La Bourse canadienne TMX passe du statut de cible à celui de prédateur

Son rachat ayant reçu les ultimes feux verts réglementaires, l’opérateur de la Bourse de Toronto lorgnerait l’américain Direct Edge
Benoît Menou

L’opérateur de la Bourse de Toronto est désormais paré pour sa quête de croissance internationale. Au terme d’une longue revue, les autorités canadiennes (en l’occurrence les provinces de Colombie Britannique et d’Alberta) ont en effet accordé leur ultime feu vert mercredi soir au rachat du TMX par Maple, un consortium regroupant des fonds de pension canadiens et des investisseurs comme Goldman Sachs ou JPMorgan. La concrétisation de cette opération ouvre la voie à des opérations d’acquisition par TMX.

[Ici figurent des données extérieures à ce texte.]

lemma push_density_eventually_bounded_below:
  assumes "X t0 \<noteq> 0"
  obtains r a where "r > 0" "a > 0" "\<forall>\<^sub>F n in sequentially. \<forall>t\<in>ball t0 r. ennreal a \<le> push_density n t"
proof -
  have "(\<lambda>n. \<integral>z. \<mu>n n z \<partial>\<eta> t0) \<longlonglongrightarrow> X t0"
    by (rule tendsto_uniform_limitI[OF uniform]) simp
  then have "0 \<le> X t0"
    by (rule tendsto_lowerbound) (auto simp: \<mu>n_nonneg)
  with assms have "X t0 > 0"
    by simp
  then obtain r where "r > 0" and r: "\<And>t. dist t t0 < r \<Longrightarrow> dist (X t) (X t0) < X t0 / 2"
    using continuous_X unfolding continuous_on_iff by (metis UNIV_I half_gt_zero)
  have bound: "ennreal (c * (X t0 / 4)) \<le> push_density n t"
    if close: "\<forall>t. \<bar>(\<integral>z. \<mu>n n z \<partial>\<eta> t) - X t\<bar> < X t0 / 4" and "t \<in> ball t0 r" for n t
  proof -
    have "dist (X t) (X t0) < X t0 / 2"
      using r[of t] \<open>t \<in> ball t0 r\<close> by (simp add: dist_commute)
    moreover have "\<bar>(\<integral>z. \<mu>n n z \<partial>\<eta> t) - X t\<bar> < X t0 / 4"
      using close by blast
    ultimately have "X t0 / 4 \<le> (\<integral>z. \<mu>n n z \<partial>\<eta> t)"
      unfolding dist_real_def abs_less_iff by linarith
    then have "ennreal (c * (X t0 / 4)) \<le> ennreal c * ennreal (\<integral>z. \<mu>n n z \<partial>\<eta> t)"
      using c_pos \<open>X t0 > 0\<close> by (simp add: ennreal_mult[symmetric] ennreal_leI)
    then show ?thesis
      using push_density_bounds(1) order_trans by blast
  qed
  have "\<forall>\<^sub>F n in sequentially. \<forall>t\<in>ball t0 r. ennreal (c * (X t0 / 4)) \<le> push_density n t"
    using eventually_fibre_integral_close[of "X t0 / 4"] \<open>X t0 > 0\<close> bound
    by (auto elim!: eventually_mono)
  moreover have "c * (X t0 / 4) > 0"
    using c_pos \<open>X t0 > 0\<close> by simp
  ultimately show ?thesis
    using that[OF \<open>r > 0\<close>] by blast
qed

Ce dernier passe ainsi du statut de cible à celui de prédateur, des sources concordantes, relayées en premier lieu par le Wall Street Journal, faisant état de discussions avec l’opérateur américain Direct Edge, quatrième marché des Etats-Unis en termes de volumes de transactions derrière le Nyse, le Nasdaq et Bats. Une opération qui attendrait la finalisation effective du rachat de TMX par Maple pour l’équivalent de 3 milliards d’euros.

Le directeur général de TMX, Thomas Kloet, a assuré le mois dernier que l’opérateur est «parfaitement positionné» pour grandir à l’international dès le rachat par Maple bouclé. Le dirigeant avait alors confié à Reuters sa volonté d’être attentif tant aux Etats-Unis qu’en Europe, en Asie et en Amérique Latine. A ses yeux, la taille de la cible ne peut constituer un obstacle tant que les synergies sont au rendez-vous. Même son de cloche avec le patron de Maple, Luc Bertrand, qui a récemment avancé que les acquisitions faisaient partie du programme, visant des opérateurs boursiers, des sociétés de gestion du risque ou des fournisseurs de données.

La valorisation de Direct Edge, spécialiste du trading à haute fréquence, reste incertaine. Elle était de 390 millions de dollars en 2008 à l’occasion de l’acquisition d’une participation minoritaire par l’International Securities Exchange. Elle se situerait désormais entre 300 et 500 millions. Une source citée par Reuters croit savoir que la plate-forme prétendait valoir jusqu’à 800 millions lorsqu’elle a commencé à chercher preneur il y a plusieurs mois.

L’appétit de croissance de TMX prend forme dans un contexte chahuté de rapprochements boursiers dans le monde. Alors que TMX avait précédemment été la cible du London Stock Exchange et que l’union des Bourses de Tokyo et d’Osaka semble sur de bons rails, les régulateurs font montre d’une grande vigilance.